# Asymptotics of a class of Markov processes which are not in general irreducible

recently I was reading the article

Asymptotics of a class of Markov processes which are not in general irreducible. Ann. Probab. 16, 3 (1988), 1333–1347.

by Bhattacharya, R. N., and Lee, O.

The authors consider the $$\leq$$ relation defined by: $$(x_1, \ldots, x_n)\leq (a_1, \dots a_n)~\text{iff}~x_1\leq a_1, \ldots, x_n\leq a_n.$$ I was reading the proof of Theorem 3.1, and I'm stuck in the conclusion at the end of the equation (3.5). It seems to me that the authors are using the fact that

$$\{{y\leq x_{0}\}}\cup \{{y>x_{0}\}}=\mathbb{R}^n$$ is the whole space, which is not true for $$n\geq 2$$. As an example, for $$n=2$$, $$\{(x,y)\leq (0,0)\}$$ equals the first quadrant and $$\{(x,y)> (0,0)\}$$ equals the third quadrant.
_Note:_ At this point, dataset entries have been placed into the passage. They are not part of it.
(* Let $d,k$ be positive integers, $N=d^k$, and let $A\in\mathbb{Z}_{\geq0}^{N\times d}$ be an $(N,d)$-complete consecutive integers matrix. Then $A$ is completely mixable and $$\gamma(A)=\beta(A)=d+\sum_{i=0}^{d-1}\sum_{j=1}^{k} i\cdot d^{j-1}=:a_d(k).$$
   Context: For $A\in\mathbb{R}^{m\times d}$ and $\Pi=(\pi_1,\dots,\pi_d)\in\mathfrak{S}(m)^d$ (where $\mathfrak{S}(m)$ is the symmetric group on $\{1,\dots,m\}$), $A^\Pi$ denotes the matrix with $A^\Pi_{i,j}=A_{\pi_j^{-1}(i),j}$. Define $\gamma(A)=\min_{\Pi}\max_{i}\sum_{j=1}^d A^\Pi_{i,j}$ and $\beta(A)=\max_{\Pi}\min_{i}\sum_{j=1}^d A^\Pi_{i,j}$; $A$ is completely mixable if $\gamma(A)=\beta(A)$. For $d,N\in\mathbb{Z}_{\geq0}$ let $a=(1,\dots,N)^\top$; any matrix $A^\Pi$ obtained from $(a,\dots,a)\in\mathbb{Z}^{N\times d}$ by permutations $\Pi\in\mathfrak{S}(N)^d$ of the columns' entries is called an $(N,d)$-complete consecutive integers matrix. *)

theory Defs
  imports "HOL-Combinatorics.Permutations"
begin

text \<open>An m x d matrix is a function nat => nat => int, read only at indices
  i < m (rows, 0-based) and j < d (columns, 0-based).\<close>

definition perm_tuple :: "nat \<Rightarrow> nat \<Rightarrow> (nat \<Rightarrow> nat \<Rightarrow> nat) \<Rightarrow> bool" where
  "perm_tuple m d P \<longleftrightarrow> (\<forall>j<d. P j permutes {..<m})"

definition permute_cols :: "(nat \<Rightarrow> nat \<Rightarrow> int) \<Rightarrow> (nat \<Rightarrow> nat \<Rightarrow> nat) \<Rightarrow> nat \<Rightarrow> nat \<Rightarrow> int" where
  "permute_cols A P i j = A (inv (P j) i) j"

definition row_sum :: "nat \<Rightarrow> (nat \<Rightarrow> nat \<Rightarrow> int) \<Rightarrow> nat \<Rightarrow> int" where
  "row_sum d A i = (\<Sum>j<d. A i j)"

definition gamma :: "nat \<Rightarrow> nat \<Rightarrow> (nat \<Rightarrow> nat \<Rightarrow> int) \<Rightarrow> int" where
  "gamma m d A = Min {Max {row_sum d (permute_cols A P) i | i. i < m} | P. perm_tuple m d P}"

definition beta :: "nat \<Rightarrow> nat \<Rightarrow> (nat \<Rightarrow> nat \<Rightarrow> int) \<Rightarrow> int" where
  "beta m d A = Max {Min {row_sum d (permute_cols A P) i | i. i < m} | P. perm_tuple m d P}"

definition completely_mixable :: "nat \<Rightarrow> nat \<Rightarrow> (nat \<Rightarrow> nat \<Rightarrow> int) \<Rightarrow> bool" where
  "completely_mixable m d A \<longleftrightarrow> gamma m d A = beta m d A"

text \<open>(N,d)-complete consecutive integers matrix: obtained from (a,...,a) with
  a = (1,...,N)^T (row i, 0-based, has entry i+1) by column permutations.\<close>
definition cci_matrix :: "nat \<Rightarrow> nat \<Rightarrow> (nat \<Rightarrow> nat \<Rightarrow> int) \<Rightarrow> bool" where
  "cci_matrix N d A \<longleftrightarrow> (\<exists>P. perm_tuple N d P \<and>
     (\<forall>i<N. \<forall>j<d. A i j = permute_cols (\<lambda>i j. int i + 1) P i j))"

end

theory Submission imports Defs begin

text \<open>Every rearrangement of a matrix has the same total sum, so its largest row sum is at least
  and its smallest row sum at most the average row sum. Hence if one rearrangement has all row
  sums equal, that common value is both \<open>\<gamma>\<close> and \<open>\<beta>\<close>. For the consecutive integers matrix
  with \<open>N = d^k\<close> such a rearrangement is obtained by writing the row index \<open>r\<close> in base \<open>d\<close> and
  letting column \<open>j\<close> add \<open>j\<close> modulo \<open>d\<close> to each of the \<open>k\<close> digits of \<open>r\<close>: summed over the
  columns, every digit position runs through \<open>0, \<dots>, d - 1\<close> exactly once, independently of \<open>r\<close>.\<close>

lemma sum_row_sum_permute_cols:
  assumes "perm_tuple m d P"
  shows "(\<Sum>i<m. row_sum d (permute_cols A P) i) = (\<Sum>j<d. \<Sum>i<m. A i j)"
proof -
  have "(\<Sum>i<m. row_sum d (permute_cols A P) i) = (\<Sum>j<d. \<Sum>i<m. A (inv (P j) i) j)"
    unfolding row_sum_def permute_cols_def by (rule sum.swap)
  also have "\<dots> = (\<Sum>j<d. \<Sum>i<m. A i j)"
  proof (rule sum.cong[OF refl])
    fix j assume "j \<in> {..<d}"
    then have "inv (P j) permutes {..<m}"
      using assms permutes_inv unfolding perm_tuple_def by auto
    then show "(\<Sum>i<m. A (inv (P j) i) j) = (\<Sum>i<m. A i j)"
      by (rule sum.permutes_inv)
  qed
  finally show ?thesis .
qed

lemma finite_row_sums_permute_cols:
  "finite {row_sum d (permute_cols A P) i | P i. perm_tuple m d P \<and> i < m}"
proof (rule finite_subset)
  show "{row_sum d (permute_cols A P) i | P i. perm_tuple m d P \<and> i < m}
      \<subseteq> (\<lambda>f. \<Sum>j<d. A (f j) j) ` ({..<d} \<rightarrow>\<^sub>E {..<m})"
  proof clarify
    fix P i assume P: "perm_tuple m d P" and i: "i < m"
    define f where "f = (\<lambda>j\<in>{..<d}. inv (P j) i)"
    have "inv (P j) i < m" if "j < d" for j
    proof -
      have "P j permutes {..<m}"
        using P that unfolding perm_tuple_def by simp
      from permutes_in_image[OF permutes_inv[OF this]] i show ?thesis
        by simp
    qed
    then have "f \<in> {..<d} \<rightarrow>\<^sub>E {..<m}"
      unfolding f_def by (simp add: restrict_PiE_iff)
    moreover have "row_sum d (permute_cols A P) i = (\<Sum>j<d. A (f j) j)"
      unfolding row_sum_def permute_cols_def f_def by (rule sum.cong) auto
    ultimately show "row_sum d (permute_cols A P) i \<in> (\<lambda>f. \<Sum>j<d. A (f j) j) ` ({..<d} \<rightarrow>\<^sub>E {..<m})"
      by blast
  qed
qed (intro finite_imageI finite_PiE; simp)

lemma row_sums_Min_Max_mean:
  fixes A :: "nat \<Rightarrow> nat \<Rightarrow> int"
  assumes "m > 0" and P: "perm_tuple m d P"
  defines "R \<equiv> {row_sum d (permute_cols A P) i | i. i < m}"
  shows "int m * Min R \<le> (\<Sum>j<d. \<Sum>i<m. A i j)" and "(\<Sum>j<d. \<Sum>i<m. A i j) \<le> int m * Max R"
proof -
  have "finite R"
    unfolding R_def by simp
  have "of_nat (card {..<m}) * Min R \<le> (\<Sum>i<m. row_sum d (permute_cols A P) i)"
    by (rule sum_bounded_below, rule Min_le[OF \<open>finite R\<close>]) (auto simp: R_def)
  then show "int m * Min R \<le> (\<Sum>j<d. \<Sum>i<m. A i j)"
    unfolding sum_row_sum_permute_cols[OF P] by simp
  have "(\<Sum>i<m. row_sum d (permute_cols A P) i) \<le> of_nat (card {..<m}) * Max R"
    by (rule sum_bounded_above, rule Max_ge[OF \<open>finite R\<close>]) (auto simp: R_def)
  then show "(\<Sum>j<d. \<Sum>i<m. A i j) \<le> int m * Max R"
    unfolding sum_row_sum_permute_cols[OF P] by simp
qed

theorem gamma_beta_eq_if_constant_row_sums:
  assumes "m > 0" and P0: "perm_tuple m d P0"
    and const: "\<And>i. i < m \<Longrightarrow> row_sum d (permute_cols A P0) i = c"
  shows "gamma m d A = c" and "beta m d A = c"
proof -
  define R where "R P = {row_sum d (permute_cols A P) i | i. i < m}" for P
  have R_fin: "finite (R P)" and R_ne: "R P \<noteq> {}" for P
    unfolding R_def using \<open>m > 0\<close> by auto
  have total: "(\<Sum>j<d. \<Sum>i<m. A i j) = int m * c"
    unfolding sum_row_sum_permute_cols[OF P0, symmetric] using const by simp
  have c_le_Max: "c \<le> Max (R P)" and Min_le_c: "Min (R P) \<le> c" if "perm_tuple m d P" for P
    using row_sums_Min_Max_mean[OF \<open>m > 0\<close> that, where A = A] \<open>m > 0\<close>
    unfolding total R_def[symmetric] by simp_all
  have R_P0: "R P0 = {c}"
    unfolding R_def using const \<open>m > 0\<close> by auto
  have extremes_fin: "finite {F (R P) | P. perm_tuple m d P}"
    if F_in: "\<And>P. F (R P) \<in> R P" for F :: "int set \<Rightarrow> int"
  proof (rule finite_subset[OF _ finite_row_sums_permute_cols[of d A m]], clarify)
    fix P assume "perm_tuple m d P"
    moreover obtain i where "i < m" "F (R P) = row_sum d (permute_cols A P) i"
      using F_in[of P] unfolding R_def by blast
    ultimately show "\<exists>P' i. F (R P) = row_sum d (permute_cols A P') i \<and> perm_tuple m d P' \<and> i < m"
      by blast
  qed
  have "Min {Max (R P) | P. perm_tuple m d P} = c"
  proof (rule Min_eqI[OF extremes_fin])
    have "Max (R P0) = c"
      using R_P0 by simp
    then show "c \<in> {Max (R P) | P. perm_tuple m d P}"
      using P0 by force
  next
    show "Max (R P) \<in> R P" for P
      by (rule Max_in[OF R_fin R_ne])
  next
    show "c \<le> y" if "y \<in> {Max (R P) | P. perm_tuple m d P}" for y
      using that c_le_Max by blast
  qed
  then show "gamma m d A = c"
    unfolding gamma_def R_def .
  have "Max {Min (R P) | P. perm_tuple m d P} = c"
  proof (rule Max_eqI[OF extremes_fin])
    have "Min (R P0) = c"
      using R_P0 by simp
    then show "c \<in> {Min (R P) | P. perm_tuple m d P}"
      using P0 by force
  next
    show "Min (R P) \<in> R P" for P
      by (rule Min_in[OF R_fin R_ne])
  next
    show "y \<le> c" if "y \<in> {Min (R P) | P. perm_tuple m d P}" for y
      using that Min_le_c by blast
  qed
  then show "beta m d A = c"
    unfolding beta_def R_def .
qed

lemma cci_matrix_rearrangement:
  assumes "cci_matrix N d A" and R: "perm_tuple N d R"
  obtains P where "perm_tuple N d P"
    and "\<And>i j. i < N \<Longrightarrow> j < d \<Longrightarrow> permute_cols A P i j = int (R j i) + 1"
proof -
  obtain Q where Q: "perm_tuple N d Q"
    and A: "\<And>i j. i < N \<Longrightarrow> j < d \<Longrightarrow> A i j = int (inv (Q j) i) + 1"
    using assms(1) unfolding cci_matrix_def permute_cols_def by auto
  define P where "P j = inv (Q j \<circ> R j)" for j
  show thesis
  proof
    show "perm_tuple N d P"
      using Q R unfolding perm_tuple_def P_def by (auto intro!: permutes_inv permutes_compose)
  next
    fix i j assume i: "i < N" and j: "j < d"
    have QjRj: "Q j permutes {..<N}" "R j permutes {..<N}"
      using Q R j unfolding perm_tuple_def by auto
    have "inv (P j) = Q j \<circ> R j"
      unfolding P_def by (rule permutes_inv_inv[OF permutes_compose[OF QjRj(2,1)]])
    then have "inv (P j) i = Q j (R j i)"
      by simp
    moreover have "R j i < N"
      using permutes_in_image[OF QjRj(2)] i by simp
    then have "Q j (R j i) < N"
      using permutes_in_image[OF QjRj(1)] by simp
    ultimately show "permute_cols A P i j = int (R j i) + 1"
      unfolding permute_cols_def using A j permutes_inverses(2)[OF QjRj(1)] by simp
  qed
qed

lemma mod_add_right_cancel_nat: "(a + j) mod (d::nat) = (b + j) mod d \<Longrightarrow> a mod d = b mod d"
  by (simp add: nat_mod_eq_iff)

fun digit_shift :: "nat \<Rightarrow> nat \<Rightarrow> nat \<Rightarrow> nat \<Rightarrow> nat" where
  "digit_shift d j 0 r = r"
| "digit_shift d j (Suc k) r = (r mod d + j) mod d + d * digit_shift d j k (r div d)"

lemma digit_shift_less:
  assumes "d > 0" and "r < d ^ k"
  shows "digit_shift d j k r < d ^ k"
  using assms(2)
proof (induction k arbitrary: r)
  case (Suc k)
  then have "digit_shift d j k (r div d) < d ^ k"
    by (simp add: less_mult_imp_div_less mult.commute)
  then have "d * (digit_shift d j k (r div d) + 1) \<le> d * d ^ k"
    by (intro mult_le_mono2) simp
  moreover have "(r mod d + j) mod d < d"
    using \<open>d > 0\<close> by simp
  ultimately show ?case
    by simp
qed simp

lemma inj_on_digit_shift:
  assumes "d > 0"
  shows "inj_on (digit_shift d j k) {..<d ^ k}"
proof (induction k)
  case (Suc k)
  show ?case
  proof (rule inj_onI)
    fix x y assume x: "x \<in> {..<d ^ Suc k}" and y: "y \<in> {..<d ^ Suc k}"
      and eq: "digit_shift d j (Suc k) x = digit_shift d j (Suc k) y"
    have low: "(x mod d + j) mod d = (y mod d + j) mod d"
      using arg_cong[OF eq, of "\<lambda>n. n mod d"] by simp
    have "x mod d = y mod d"
      using mod_add_right_cancel_nat[OF low] by simp
    moreover have "x div d = y div d"
    proof (rule inj_onD[OF Suc.IH])
      show "digit_shift d j k (x div d) = digit_shift d j k (y div d)"
        using eq low \<open>d > 0\<close> by simp
      show "x div d \<in> {..<d ^ k}" "y div d \<in> {..<d ^ k}"
        using x y by (auto simp: less_mult_imp_div_less mult.commute)
    qed
    ultimately show "x = y"
      by (metis div_mult_mod_eq)
  qed
qed simp

lemma digit_shift_permutes:
  assumes "d > 0"
  shows "(\<lambda>r. if r < d ^ k then digit_shift d j k r else r) permutes {..<d ^ k}"
    (is "?p permutes _")
proof (rule bij_imp_permutes)
  have inj: "inj_on ?p {..<d ^ k}"
    using inj_on_digit_shift[OF assms, of j k] by (simp add: inj_on_def)
  moreover have "?p ` {..<d ^ k} \<subseteq> {..<d ^ k}"
    using digit_shift_less[OF assms] by auto
  then have "?p ` {..<d ^ k} = {..<d ^ k}"
    using endo_inj_surj[OF _ _ inj] by simp
  ultimately show "bij_betw ?p {..<d ^ k} {..<d ^ k}"
    by (rule bij_betw_imageI)
qed simp

lemma sum_mod_add_lessThan:
  assumes "(d::nat) > 0"
  shows "(\<Sum>j<d. (a + j) mod d) = (\<Sum>i<d. i)"
proof -
  have inj: "inj_on (\<lambda>j. (a + j) mod d) {..<d}"
  proof (rule inj_onI)
    fix x y assume "x \<in> {..<d}" "y \<in> {..<d}" "(a + x) mod d = (a + y) mod d"
    then show "x = y"
      using mod_add_right_cancel_nat[of x a d y] by (simp add: add.commute)
  qed
  have "(\<lambda>j. (a + j) mod d) ` {..<d} = {..<d}"
    by (rule endo_inj_surj[OF _ _ inj]) (use assms in auto)
  with inj have "bij_betw (\<lambda>j. (a + j) mod d) {..<d} {..<d}"
    by (rule bij_betw_imageI)
  then show ?thesis
    by (rule sum.reindex_bij_betw)
qed

lemma sum_digit_shift:
  assumes "d > 0" and "r < d ^ k"
  shows "(\<Sum>j<d. digit_shift d j k r) = (\<Sum>i<d. i) * (\<Sum>t<k. d ^ t)"
  using assms(2)
proof (induction k arbitrary: r)
  case (Suc k)
  have "r div d < d ^ k"
    using Suc.prems by (simp add: less_mult_imp_div_less mult.commute)
  have "(\<Sum>j<d. digit_shift d j (Suc k) r)
      = (\<Sum>j<d. (r mod d + j) mod d) + d * (\<Sum>j<d. digit_shift d j k (r div d))"
    by (simp add: sum.distrib sum_distrib_left)
  also have "\<dots> = (\<Sum>i<d. i) * (1 + d * (\<Sum>t<k. d ^ t))"
    unfolding Suc.IH[OF \<open>r div d < d ^ k\<close>] sum_mod_add_lessThan[OF assms(1)]
    by (simp add: algebra_simps)
  also have "\<dots> = (\<Sum>i<d. i) * (\<Sum>t<Suc k. d ^ t)"
    unfolding sum.lessThan_Suc_shift by (simp add: sum_distrib_left)
  finally show ?case .
qed (simp add: sum.swap)

lemma sum_atLeast1_atMost_power_pred:
  "(\<Sum>j\<in>{1..k}. (x::'a::comm_semiring_1) ^ (j - 1)) = (\<Sum>t<k. x ^ t)"
  by (induction k) (simp_all add: atLeastAtMostSuc_conv add.commute)

theorem theorem3:
  fixes d k N :: nat and A :: "nat \<Rightarrow> nat \<Rightarrow> int"
  assumes "d > 0" and "k > 0" and "N = d ^ k"
    and "cci_matrix N d A"
  shows "completely_mixable N d A
    \<and> gamma N d A = int d + (\<Sum>i<d. \<Sum>j\<in>{1..k}. int i * int d ^ (j - 1))
    \<and> beta N d A = int d + (\<Sum>i<d. \<Sum>j\<in>{1..k}. int i * int d ^ (j - 1))"
proof -
  define c where "c = int d + (\<Sum>i<d. \<Sum>j\<in>{1..k}. int i * int d ^ (j - 1))"
  have c_eq: "c = int d + int ((\<Sum>i<d. i) * (\<Sum>t<k. d ^ t))"
    unfolding c_def sum_distrib_left[symmetric] sum_atLeast1_atMost_power_pred
    by (simp add: sum_distrib_right)
  define S where "S j r = (if r < N then digit_shift d j k r else r)" for j r
  have S: "perm_tuple N d S"
    unfolding perm_tuple_def S_def \<open>N = d ^ k\<close> using digit_shift_permutes[OF \<open>d > 0\<close>] by blast
  obtain P where P: "perm_tuple N d P"
    and AP: "\<And>i j. i < N \<Longrightarrow> j < d \<Longrightarrow> permute_cols A P i j = int (S j i) + 1"
    using cci_matrix_rearrangement[OF \<open>cci_matrix N d A\<close> S] by blast
  have "row_sum d (permute_cols A P) i = c" if "i < N" for i
  proof -
    have "row_sum d (permute_cols A P) i = int (\<Sum>j<d. digit_shift d j k i) + int d"
      unfolding row_sum_def using AP that by (simp add: S_def sum.distrib)
    then show ?thesis
      using sum_digit_shift[OF \<open>d > 0\<close>] that \<open>N = d ^ k\<close> c_eq by simp
  qed
  moreover have "N > 0"
    using \<open>N = d ^ k\<close> \<open>d > 0\<close> by simp
  ultimately have "gamma N d A = c" "beta N d A = c"
    using gamma_beta_eq_if_constant_row_sums[OF _ P] by blast+
  then show ?thesis
    unfolding completely_mixable_def c_def by simp
qed

end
Obs 1: In the original paper the relation "$$\leq$$" is not clearly specified, however in this Corrigendum (of another part of the paper) the authors set the relation defined as above

It seems to me that the argument of the authors works for $$n=1$$ where $$\leq$$ is a total order. However for $$n\geq 2$$ we have the above reasoning. Has someone already attempt for this question? Has the authors another corrigendum?

From the assumptions however you visit infinitely many times the set $$\{y\leq x_0\}$$, say, and moreover the inter-return times have exponential tails. Now, consider the chain at those time. This is again a Markov chain, and has an invariant measure, call it $$\hat \pi$$. At these times you can deduce an invariance principle (by the method in the paper), and then one can interpolate from these times to all $$n$$ due to the exponential tails mentioned above (at least, this holds for bounded $$f$$).